In another study the author recommended that an ideal progressive resistance training program for sarcopenia should be dynamic and should aim at the major muscle groups using concentric and eccentric movements.9 In our present study also we followed the same technique of both eccentric and concentric contraction of external oblique muscle.

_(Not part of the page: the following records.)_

lemma square_minus_one_dvd_imp_sum_ge:
  fixes q a b :: nat
  assumes q: "q \<ge> 2" and dvd: "(q\<^sup>2 - 1) dvd a + q * b" and pos: "a + b > 0"
  shows "2 * (q - 1) \<le> a + b \<and> (a + b = 2 * (q - 1) \<longrightarrow> a = q - 1 \<and> b = q - 1)"
proof -
  have square: "q\<^sup>2 - 1 = (q - 1) * (q + 1)" using q by (simp add: power2_eq_square algebra_simps)
  obtain t where t: "a + q * b = (q\<^sup>2 - 1) * t" using dvd by blast
  have "t > 0" using t pos q by (cases "t = 0") auto
  have "q * b \<le> (q\<^sup>2 - 1) * t" using t by (metis le_add2)
  also have "\<dots> < q * (q * t)" using q \<open>t > 0\<close> by (simp add: power2_eq_square)
  finally have b_lt: "b < q * t" by simp
  define s where "s = (q + 1) * t - b"
  have "a + b + (q - 1) * b = a + q * b" using q by (cases q) auto
  also have "\<dots> = (q - 1) * ((q + 1) * t)" using t square by (simp only: mult.assoc)
  finally have sum_eq: "a + b = (q - 1) * s"
    by (simp add: s_def diff_mult_distrib2)
  have s_ge: "s \<ge> t + 1" using b_lt by (simp add: s_def)
  show ?thesis
  proof
    show "2 * (q - 1) \<le> a + b"
      using sum_eq s_ge \<open>t > 0\<close> by simp
    show "a + b = 2 * (q - 1) \<longrightarrow> a = q - 1 \<and> b = q - 1"
    proof
      assume "a + b = 2 * (q - 1)"
      then have "s = 2" using sum_eq q by (simp add: mult.commute)
      then have "t = 1" using s_ge \<open>t > 0\<close> by simp
      then have "b = q - 1" using \<open>s = 2\<close> b_lt by (simp add: s_def)
      then show "a = q - 1 \<and> b = q - 1" using \<open>a + b = 2 * (q - 1)\<close> by simp
    qed
  qed
qed

lemma card_parity_bound:
  fixes q :: nat and S :: "(nat \<times> 'b) set"
  assumes q: "q \<ge> 2" and S: "finite S" "S \<noteq> {}" and dvd: "(q\<^sup>2 - 1) dvd (\<Sum>t\<in>S. q ^ fst t)"
  defines "a \<equiv> card {t\<in>S. even (fst t)}" and "b \<equiv> card {t\<in>S. odd (fst t)}"
  shows "2 * (q - 1) \<le> a + b \<and> (a + b = 2 * (q - 1) \<longrightarrow> a = q - 1 \<and> b = q - 1)"
proof (rule square_minus_one_dvd_imp_sum_ge[OF q])
  let ?Ev = "{t\<in>S. even (fst t)}" and ?Od = "{t\<in>S. odd (fst t)}"
  have parts: "?Ev \<union> ?Od = S" "?Ev \<inter> ?Od = {}" "finite ?Ev" "finite ?Od" using S(1) by auto
  have "[(\<Sum>t\<in>S. q ^ fst t) = (\<Sum>t\<in>S. q ^ (fst t mod 2))] (mod q\<^sup>2 - 1)"
    using q by (intro cong_sum power_cong_square_minus_one) simp
  also have "(\<Sum>t\<in>S. q ^ (fst t mod 2)) = (\<Sum>t\<in>?Ev. q ^ (fst t mod 2)) + (\<Sum>t\<in>?Od. q ^ (fst t mod 2))"
    using sum.union_disjoint[OF parts(3,4,2), of "\<lambda>t. q ^ (fst t mod 2)"] unfolding parts(1) .
  also have "\<dots> = (\<Sum>t\<in>?Ev. 1) + (\<Sum>t\<in>?Od. q)"
    by (intro arg_cong2[where f = plus] sum.cong) (auto simp: mod2_eq_if)
  also have "\<dots> = a + q * b" by (simp add: a_def b_def)
  finally show "(q\<^sup>2 - 1) dvd a + q * b" using dvd by (simp add: cong_dvd_iff)
  have "card S = a + b" using card_Un_disjoint[OF parts(3,4,2)] unfolding parts(1) a_def b_def .
  then show "a + b > 0" by (metis S card_gt_0_iff)
qed

lemma sum_bound_and_equality:
  fixes a b :: "'i \<Rightarrow> nat"
  assumes "finite A" and bound: "\<And>i. i \<in> A \<Longrightarrow> c \<le> a i + b i \<and> (a i + b i = c \<longrightarrow> a i = b i)"
  shows "card A * c \<le> sum a A + sum b A \<and> (sum a A + sum b A = card A * c \<longrightarrow> sum a A = sum b A)"
proof
  have "card A * c = (\<Sum>i\<in>A. c)" by simp
  also have "\<dots> \<le> (\<Sum>i\<in>A. a i + b i)" using bound by (intro sum_mono) blast
  finally show "card A * c \<le> sum a A + sum b A" by (simp add: sum.distrib)
  show "sum a A + sum b A = card A * c \<longrightarrow> sum a A = sum b A"
  proof
    assume eq: "sum a A + sum b A = card A * c"
    have "a i + b i = c" if "i \<in> A" for i
    proof (rule ccontr)
      assume "a i + b i \<noteq> c"
      then have "c < a i + b i" using bound[OF that] by simp
      then have "(\<Sum>i\<in>A. c) < (\<Sum>i\<in>A. a i + b i)"
        using bound that by (intro sum_strict_mono_ex1[OF assms(1)]) blast+
      then show False using eq by (simp add: sum.distrib)
    qed
    then show "sum a A = sum b A" using bound by (intro sum.cong) auto
  qed
qed

lemma card_eq_sum_card_fibres:
  assumes "finite S" "finite A" "\<sigma> ` S \<subseteq> A"
  shows "card S = (\<Sum>i\<in>A. card {t\<in>S. \<sigma> t = i})"
  using sum.group[OF assms, of "\<lambda>_. 1::nat"] by simp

In a study, 10 weeks of progressive resistance training with 3 session of training per week increased muscle cross sectional area by about 3 to 9% and enhanced muscle strength and performance.10 In our present study there is significantly increase in external oblique muscle thickness among experimental group, but we gave 16 week of resistance training with 2 sessions of training per week. In another study the author stated that there is increase in FVC, FEV1 and rectus abdominal muscle thickness improved due to Feedback Breathing Exercise (FBE) for about 15 minutes, and 3 sets of Balloon-Blowing Exercises (BBE) for four weeks.11 This is contrary to our study, for control group due to expiratory training using incentive spirometer improved the FEV1 and PEF in 16 weeks of training but there is no significant improvement in FVC and external oblique muscle thickness.

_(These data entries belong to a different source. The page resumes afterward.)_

(* Let $\mathcal{H}$ be a complex separable Hilbert space and $A\in\mathcal{B}(\mathcal{H})$ with an orthonormal basis $\{e_j\}_{j\in J}$ of eigenvectors, $Ae_j=-\lambda_je_j$, where $\lambda_j\in\mathbb{C}_+$ for all $j$. Let $I$ be a countable index set and $g^i\in\mathcal{H}$ for $i\in I$. Let $B:=(I_{\mathcal{H}}+A)(I_{\mathcal{H}}-A)^{-1}\in\mathcal{B}(\mathcal{H})$, i.e. $Be_j=\mathfrak{h}(\lambda_j)e_j$, and let $a^i\in\mathcal{H}$ be defined by $\langle a^i,e_j\rangle=\frac{\sqrt2}{1+\lambda_j}\langle g^i,e_j\rangle$ for all $j$ (equivalently $a^i=\sqrt2(I_{\mathcal{H}}-A)^{-1}g^i$). Then $\{e^{tA}g^i\}_{i\in I,\,t\in[0,\infty)}$ is a semi-continuous frame for $\mathcal{H}$ if and only if $\{B^na^i\}_{i\in I,\,n\in\mathbb{N}\cup\{0\}}$ is a frame for $\mathcal{H}$.
   Context: $\mathbb{C}_+=\{z:\mathrm{Re}\,z>0\}$, $\mathbb{D}=\{z:|z|<1\}$, and $\mathfrak{h}:\mathbb{D}\to\mathbb{C}_+$ (also $\mathbb{C}_+\to\mathbb{D}$), $\mathfrak{h}(z)=\frac{1-z}{1+z}$; $I_{\mathcal{H}}$ denotes the identity operator. $e^{tA}:=\sum_{n\ge0}\frac{t^n}{n!}A^n$. A countable family $\{f_k\}\subset\mathcal{H}$ is a frame if there are $c,C>0$ with $c\|f\|^2\le\sum_k|\langle f,f_k\rangle|^2\le C\|f\|^2$ for all $f\in\mathcal{H}$. For a countable $\mathcal{G}\subset\mathcal{H}$ and an interval $\mathcal{T}\subset[0,\infty)$, $\{e^{tA}g\}_{g\in\mathcal{G},t\in\mathcal{T}}$ is a semi-continuous frame for $\mathcal{H}$ if there are constants $c,C>0$ such that $c\|f\|^2\le\sum_{g\in\mathcal{G}}\int_{\mathcal{T}}|\langle f,e^{tA}g\rangle|^2\,dt\le C\|f\|^2$ for all $f\in\mathcal{H}$. *)

theory Defs
  imports "HOL-Analysis.Analysis"
begin

(* The separable Hilbert space H with orthonormal eigenbasis {e_j}_{j in J} is modelled
   in coordinates w.r.t. that basis: H = l^2(J), vectors are functions 'j => complex
   vanishing off J with square-summable modulus; e_j is the j-th unit vector. *)

definition l2 :: "'j set \<Rightarrow> ('j \<Rightarrow> complex) set" where
  "l2 J = {f. (\<forall>j. j \<notin> J \<longrightarrow> f j = 0) \<and> (\<lambda>j. (cmod (f j))^2) summable_on J}"

definition l2_inner :: "'j set \<Rightarrow> ('j \<Rightarrow> complex) \<Rightarrow> ('j \<Rightarrow> complex) \<Rightarrow> complex" where
  "l2_inner J f g = (\<Sum>\<^sub>\<infinity>j\<in>J. f j * cnj (g j))"

definition l2_normsq :: "'j set \<Rightarrow> ('j \<Rightarrow> complex) \<Rightarrow> real" where
  "l2_normsq J f = (\<Sum>\<^sub>\<infinity>j\<in>J. (cmod (f j))^2)"

definition hmap :: "complex \<Rightarrow> complex" where
  "hmap z = (1 - z) / (1 + z)"

(* A e_j = - lam j e_j; e^{tA} = sum_n t^n/n! A^n, which acts on the j-th coordinate
   by the scalar series sum_n t^n/n! (-lam j)^n *)
definition expA :: "('j \<Rightarrow> complex) \<Rightarrow> real \<Rightarrow> ('j \<Rightarrow> complex) \<Rightarrow> ('j \<Rightarrow> complex)" where
  "expA lam t g = (\<lambda>j. (\<Sum>n. (complex_of_real t ^ n / of_nat (fact n)) * (- lam j) ^ n) * g j)"

(* B e_j = h(lam j) e_j, so B^n acts on coordinate j by h(lam j)^n *)
definition Bpow :: "('j \<Rightarrow> complex) \<Rightarrow> nat \<Rightarrow> ('j \<Rightarrow> complex) \<Rightarrow> ('j \<Rightarrow> complex)" where
  "Bpow lam n f = (\<lambda>j. hmap (lam j) ^ n * f j)"

definition avec :: "('j \<Rightarrow> complex) \<Rightarrow> ('j \<Rightarrow> complex) \<Rightarrow> ('j \<Rightarrow> complex)" where
  "avec lam g = (\<lambda>j. (complex_of_real (sqrt 2) / (1 + lam j)) * g j)"

definition is_frame :: "'j set \<Rightarrow> 'k set \<Rightarrow> ('k \<Rightarrow> 'j \<Rightarrow> complex) \<Rightarrow> bool" where
  "is_frame J K F \<longleftrightarrow> (\<exists>c C. c > 0 \<and> C > 0 \<and> (\<forall>f\<in>l2 J.
     ennreal (c * l2_normsq J f) \<le> (\<Sum>\<^sub>\<infinity>k\<in>K. ennreal ((cmod (l2_inner J f (F k)))^2)) \<and>
     (\<Sum>\<^sub>\<infinity>k\<in>K. ennreal ((cmod (l2_inner J f (F k)))^2)) \<le> ennreal (C * l2_normsq J f)))"

definition semicont_frame :: "'j set \<Rightarrow> ('j \<Rightarrow> complex) \<Rightarrow> 'i set \<Rightarrow> ('i \<Rightarrow> 'j \<Rightarrow> complex) \<Rightarrow> real set \<Rightarrow> bool" where
  "semicont_frame J lam I g T \<longleftrightarrow> (\<exists>c C. c > 0 \<and> C > 0 \<and> (\<forall>f\<in>l2 J.
     ennreal (c * l2_normsq J f) \<le>
       (\<Sum>\<^sub>\<infinity>i\<in>I. \<integral>\<^sup>+ t\<in>T. ennreal ((cmod (l2_inner J f (expA lam t (g i))))^2) \<partial>lborel) \<and>
     (\<Sum>\<^sub>\<infinity>i\<in>I. \<integral>\<^sup>+ t\<in>T. ennreal ((cmod (l2_inner J f (expA lam t (g i))))^2) \<partial>lborel)
       \<le> ennreal (C * l2_normsq J f)))"

end

theory Submission
  imports Defs "HOL-Real_Asymp.Real_Asymp"
begin

(* For f in l2(J) and a generator g put c_j = f_j * cnj (g_j) and mu_j = cnj (lam_j). Then
   <f, e^{tA} g> = sum_j c_j e^{-mu_j t} and <f, B^n a> = sum_j c_j k_n(mu_j), where
   k_n(z) = sqrt 2 h(z)^n / (1 + z) is, up to the sign (-1)^n, the Laplace transform at z of the
   n-th Laguerre function. So the two frame sums agree for every f, with the same constants, once
   int_0^oo |sum_j c_j e^{-mu_j t}|^2 dt = sum_n |sum_j c_j k_n(mu_j)|^2.
   For finitely many j both sides equal the Gram form sum_{j,k} c_j cnj (c_k) / (mu_j + cnj (mu_k)):
   on the left by integrating exponentials, on the right by summing a geometric series in
   h(mu_j) cnj (h(mu_k)). For infinitely many j, truncation and dominated convergence work when
   Re mu is bounded away from 0 and |h(mu)| away from 1. In general, replacing mu by mu + eps only
   shrinks the left side, replacing h(mu) by r h(mu) with r < 1 only shrinks the right side, and
   both perturbations are uniform in the above sense; Fatou's lemma then gives the two inequalities. *)

lemma infsum_nat_ennreal_eq_suminf:
  fixes f :: "nat \<Rightarrow> ennreal"
  shows "infsum f UNIV = suminf f"
  by (rule sums_unique[OF has_sum_imp_sums[OF has_sum_infsum[OF nonneg_summable_on_complete]]]) simp

lemma sum_suminf_ennreal_eq_SUP:
  fixes f :: "'a \<times> nat \<Rightarrow> ennreal"
  assumes "finite F"
  shows "(\<Sum>a\<in>F. \<Sum>n. f (a, n)) = (SUP N. sum f (F \<times> {..<N}))"
proof -
  have "(\<Sum>a\<in>F. \<Sum>n. f (a, n)) = (\<Sum>n. \<Sum>a\<in>F. f (a, n))"
    by (rule suminf_sum[symmetric]) simp
  also have "\<dots> = (SUP N. \<Sum>n<N. \<Sum>a\<in>F. f (a, n))"
    by (rule suminf_eq_SUP)
  also have "\<dots> = (SUP N. sum f (F \<times> {..<N}))"
    by (subst sum.swap) (simp add: sum.cartesian_product)
  finally show ?thesis .
qed

(* has_sum_SigmaD would give this at once, but it needs a t3_space, which ennreal is not
   declared to be. *)
lemma infsum_ennreal_Times_nat:
  fixes f :: "'a \<times> nat \<Rightarrow> ennreal"
  shows "infsum f (A \<times> UNIV) = (\<Sum>\<^sub>\<infinity>a\<in>A. \<Sum>n. f (a, n))"
proof -
  have "infsum f (A \<times> UNIV) = (SUP G\<in>{G. finite G \<and> G \<subseteq> A \<times> UNIV}. sum f G)"
    by (rule nonneg_infsum_complete) simp
  also have "\<dots> = (SUP F\<in>{F. finite F \<and> F \<subseteq> A}. \<Sum>a\<in>F. \<Sum>n. f (a, n))"
  proof (rule antisym)
    show "(SUP G\<in>{G. finite G \<and> G \<subseteq> A \<times> UNIV}. sum f G)
        \<le> (SUP F\<in>{F. finite F \<and> F \<subseteq> A}. \<Sum>a\<in>F. \<Sum>n. f (a, n))"
    proof (rule SUP_least)
      fix G :: "('a \<times> nat) set"
      assume G: "G \<in> {G. finite G \<and> G \<subseteq> A \<times> UNIV}"
      then have fin: "finite G"
        by simp
      then obtain N where "snd ` G \<subseteq> {..<N}"
        using finite_nat_bounded[OF finite_imageI[OF fin, of snd]] by blast
      then have "G \<subseteq> fst ` G \<times> {..<N}"
        by force
      then have "sum f G \<le> sum f (fst ` G \<times> {..<N})"
        using fin by (intro sum_mono2) auto
      also have "\<dots> \<le> (\<Sum>a\<in>fst ` G. \<Sum>n. f (a, n))"
        unfolding sum_suminf_ennreal_eq_SUP[OF finite_imageI[OF fin]] by (rule SUP_upper) simp
      also have "\<dots> \<le> (SUP F\<in>{F. finite F \<and> F \<subseteq> A}. \<Sum>a\<in>F. \<Sum>n. f (a, n))"
        using G by (intro SUP_upper) auto
      finally show "sum f G \<le> \<dots>" .
    qed
    show "(SUP F\<in>{F. finite F \<and> F \<subseteq> A}. \<Sum>a\<in>F. \<Sum>n. f (a, n))
        \<le> (SUP G\<in>{G. finite G \<and> G \<subseteq> A \<times> UNIV}. sum f G)"
    proof (rule SUP_least)
      fix F :: "'a set"
      assume F: "F \<in> {F. finite F \<and> F \<subseteq> A}"
      then have "(\<Sum>a\<in>F. \<Sum>n. f (a, n)) = (SUP N. sum f (F \<times> {..<N}))"
        by (simp add: sum_suminf_ennreal_eq_SUP)
      also have "\<dots> \<le> (SUP G\<in>{G. finite G \<and> G \<subseteq> A \<times> UNIV}. sum f G)"
        using F by (intro SUP_least SUP_upper) auto
      finally show "(\<Sum>a\<in>F. \<Sum>n. f (a, n)) \<le> \<dots>" .
    qed
  qed
  also have "\<dots> = (\<Sum>\<^sub>\<infinity>a\<in>A. \<Sum>n. f (a, n))"
    by (rule nonneg_infsum_complete[symmetric]) simp
  finally show ?thesis .
qed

In another study, while assessing the electromyography for the maximal contraction force, the placement of active electrode for external oblique was about 13 cm lateral to the umbilicus and about 3 cm medial and inferior to the right Anterior Superior Iliac Spine (ASIS) for internal oblique.13 We also used the same point as a reference for taking external oblique muscle thickness.

A limitation of the present study was that the study population included only male subjects due to social characteristics and there was no criterion set for all elderly individuals. Further bigger and future research studies should address these limitations.

Conclusion

Aging is a key cause of disability and augmented health care costs. Though being very common, muscle wasting remains underdiagnosed and undertreated among elderly population. Muscle wasting should be evaluated in patients from 50 years of age and above to prevent decline in physical strength and function. We recommend that resistance training, not only maintain the muscle thickness also improve the muscle thickness and pulmonary parameters among elderly population.

Acknowledgement

The authors would like to acknowledge the participants of the study without whom the study would not have been possible.

Conflict of Interest

The authors state that there are no conflicts of interest.